Highly Recommended

September 14, 2023

With the current wave of women’s speech suppressed by gender activists, it is essential to see this in context of patriarchal silencing of women. This problem is about 5,000 years old.

This talk goes live Friday September 15 at 3pm Eastern Time.

Sinead O’Connor 1966-2013: Woman of Integrity

July 28, 2023
Sinead O’Connor. Photo: Grussworte

Like the rest of the world, I am digesting the news of the death of Irish singer Sinead O’Connor, although unlike many of her fans, I know her mainly for one thing: tearing up the picture of Pope John Paul II on Saturday Night Live.

And everybody knows about that. I remember coming to work the next day and hearing the young Catholic women rage and rage about it. I hadn’t watched SNL the night before – I heard it for the first time from the ragers – but I remember thinking, “Get a grip. It’s just this woman’s opinion and she has a right to it.”

But they wouldn’t get a grip. It spawned a pearl clutch in the shallow US news media, who, bobbleheads that they are, slavered over this public relations savvy pope like he had granted them absolution from thinking. Up to this time, Sinead had a meteoric rise in her career as a singer-songwriter, and I never heard her name again except in connection with the pope incident.

But I have thought about Sinead every day for the past dozen years or so. She was the first person I remember being cancelled for her view. Singular. For one opinion, though of course she had many others. Even the Smothers Brothers survived controversy after controversy.
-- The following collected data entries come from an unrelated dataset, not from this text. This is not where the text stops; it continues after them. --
lemma sum_abs_state_dist_diff_le:
  assumes "is_stochastic K1" and "is_stochastic K2" and "is_dist \<mu>"
    and "\<And>s. (\<Sum>s'\<in>UNIV. \<bar>K1 s s' - K2 s s'\<bar>) \<le> 2 * \<eta>"
  shows "(\<Sum>s\<in>UNIV. \<bar>state_dist K1 \<mu> t s - state_dist K2 \<mu> t s\<bar>) \<le> 2 * \<eta> * real t"
proof (induction t)
  case (Suc t)
  have "(\<Sum>s\<in>UNIV. \<bar>state_dist K1 \<mu> (Suc t) s - state_dist K2 \<mu> (Suc t) s\<bar>)
      \<le> (\<Sum>s\<in>UNIV. \<bar>state_dist K1 \<mu> t s - state_dist K2 \<mu> t s\<bar>) + 2 * \<eta>"
    unfolding state_dist.simps
    by (rule sum_abs_mult_stochastic_diff_le[OF assms(1) is_dist_state_dist[OF assms(2,3)] assms(4)])
  with Suc.IH show ?case by (simp add: algebra_simps)
qed simp

lemma abs_sum_diff_mult_le:
  fixes p q y :: "'x::finite \<Rightarrow> real"
  assumes "\<And>x. \<bar>y x\<bar> \<le> B"
  shows "\<bar>\<Sum>x\<in>UNIV. (p x - q x) * y x\<bar> \<le> (\<Sum>x\<in>UNIV. \<bar>p x - q x\<bar>) * B"
proof -
  have "\<bar>\<Sum>x\<in>UNIV. (p x - q x) * y x\<bar> \<le> (\<Sum>x\<in>UNIV. \<bar>p x - q x\<bar> * B)"
    using assms by (intro order.trans[OF sum_abs] sum_mono) (simp add: abs_mult mult_left_mono)
  then show ?thesis by (simp add: sum_distrib_right)
qed
(* In the setting described in the context, for every $0\le j\le\textsc{m}$: (i) $\tilde{\textsc{e}}_j=\textsc{e}_j$ and $\tilde{\mathbf f}(\textsc{e}_j)=\epsilon_j\,\mathbf J\,\mathbf f(\textsc{e}_j)$, where $\epsilon_j=\tilde p_{\textsc{m}}(\textsc{e}_j)/(a_1\cdots a_{\textsc{m}})$; (ii) with $\tilde\epsilon_j=p_{\textsc{m}}(\textsc{e}_j)/(\tilde a_1\cdots\tilde a_{\textsc{m}})$ one has $\epsilon_j\tilde\epsilon_j=1$ and $\mathrm{Sign}(\epsilon_j)=\mathrm{Sign}(\tilde\epsilon_j)=(-1)^j$.
   Context: Fix $0<p<1$ and the Jacobi theta functions $\theta_1(z)=2p^{1/4}\sin z\prod_{n\ge1}(1-p^{2n})(1-2p^{2n}\cos 2z+p^{4n})$, $\theta_2(z)=2p^{1/4}\cos z\prod_{n\ge1}(1-p^{2n})(1+2p^{2n}\cos 2z+p^{4n})$, $\theta_3(z)=\prod_{n\ge1}(1-p^{2n})(1+2p^{2n-1}\cos 2z+p^{4n-2})$, $\theta_4(z)=\prod_{n\ge1}(1-p^{2n})(1-2p^{2n-1}\cos 2z+p^{4n-2})$. For $\alpha>0$ set $[z]_1=\theta_1(\frac{\alpha}{2}z)/(\frac{\alpha}{2}\theta_1'(0))$, $[z]_r=\theta_r(\frac{\alpha}{2}z)/\theta_r(0)$ ($r=2,3,4$). Parameters: real $u_1,\dots,u_4,v_1,\dots,v_4$ with $u_r>0$, $|v_r|<u_r+\frac12$ for $r=1,2$; $\textsc{m}\in\mathbb{N}$; $\alpha=\pi/(u_1+u_2+\textsc{m})$; a real $u$ with $u,u+1\notin\frac{2\pi}{\alpha}\mathbb{Z}$. Let $\pi_1=\mathrm{id}$, $\pi_2=(12)(34)$, $\pi_3=(13)(24)$, $\pi_4=(14)(23)$ in $S_4$, and $c_r=\frac{2}{[u]_1[u+1]_1}\prod_{s=1}^4[u_{\pi_r(s)}-\frac12]_s[v_{\pi_r(s)}]_s$. For integers $k$ define $a_k=\prod_{r=1}^4\frac{[u_1-u_r+k]_r[u_1-v_r-\frac12+k]_r}{[u_1+k]_r[u_1-\frac12+k]_r}$, $\tilde a_k=\prod_{r=1}^4\frac{[u_2-u_{\pi_2(r)}+k]_r[u_2-v_{\pi_2(r)}-\frac12+k]_r}{[u_2+k]_r[u_2-\frac12+k]_r}$, $b_k=\sum_{r=1}^4c_r\frac{[u_1+k+\frac12+u]_r[u_1+k-\frac12-u]_r}{[u_1+k+\frac12]_r[u_1+k-\frac12]_r}$ (the numbers $a_k,\tilde a_k$, $1\le k\le\textsc{m}$, are positive). Let $\mathbf H$ be the $(\textsc{m}+1)\times(\textsc{m}+1)$ tridiagonal matrix with rows/columns indexed by $0,\dots,\textsc{m}$, $H_{k,k}=b_k$, $H_{k,k-1}=a_k$ ($1\le k\le\textsc{m}$), $H_{k,k+1}=\tilde a_{\textsc{m}-k}$ ($0\le k\le\textsc{m}-1$), all other entries $0$; its eigenvalues are real and simple, denoted $\textsc{e}_0>\textsc{e}_1>\cdots>\textsc{e}_{\textsc{m}}$. The monic elliptic Racah polynomials are $p_0(\textsc{e})=1$ and, for $1\le k\le\textsc{m}+1$, $p_k(\textsc{e})$ = the determinant of the upper-left $k\times k$ submatrix of $\textsc{e}\mathbf I_{\textsc{m}+1}-\mathbf H$. Put $\mathbf f(\textsc{e})=(f_0(\textsc{e}),\dots,f_{\textsc{m}}(\textsc{e}))^T$ with $f_k(\textsc{e})=p_k(\textsc{e})\prod_{0\le j<k}\tilde a_{\textsc{m}-j}^{-1}$. For any quantity $X$ depending on the parameters, $\tilde X$ (or $\pi_2(X)$) denotes the same quantity with the parameters permuted by $\pi_2$, i.e. $u_s\mapsto u_{\pi_2(s)}$, $v_s\mapsto v_{\pi_2(s)}$ (so $(u_1,v_1)\leftrightarrow(u_2,v_2)$, $(u_3,v_3)\leftrightarrow(u_4,v_4)$); in particular $\tilde{\textsc{e}}_j$, $\tilde{\mathbf f}$, $\tilde p_k$ (and indeed $\pi_2(a_k)=\tilde a_k$). $\mathbf J$ is the $(\textsc{m}+1)\times(\textsc{m}+1)$ matrix with ones on the anti-diagonal and zeros elsewhere. *)

theory Defs
  imports "HOL-Analysis.Infinite_Products" "Jordan_Normal_Form.Char_Poly"
begin

definition theta1 :: "real \<Rightarrow> real \<Rightarrow> real" where
  "theta1 p z = 2 * p powr (1/4) * sin z *
     (\<Prod>n. (1 - p^(2*Suc n)) * (1 - 2 * p^(2*Suc n) * cos (2*z) + p^(4*Suc n)))"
And the cancellation was swift, complete, and irrevocable – even after she had been shown to be right.

And she was so right. She was so so right. The horrific extent of sexual abuse by priests and the extent of coverups by the higher clergy, including the pope, eventually did become widely known, although it took years of work by dedicated survivors to make the crimes visible. That work had already started when Sinead gave her infamous performance, but certain segments of the population – including the wealthy elites who guard the gates of fame – were not willing to contemplate uncomfortable truths.

So the reason I have been thinking about Sinead has to do with the current cancel culture around gender identity, though the gender critical movement has too many martyrs to iterate in a short blog post. There are lessons from the church sexual abuse scandals that can be applied here. The first is that the more correct, and the more urgent, the criticism of a powerful authority, the more unforgiving will be the backlash. The second is that reckoning takes a very long time. The third is that the US media and entertainment industry is more fucked up than the Catholic Church.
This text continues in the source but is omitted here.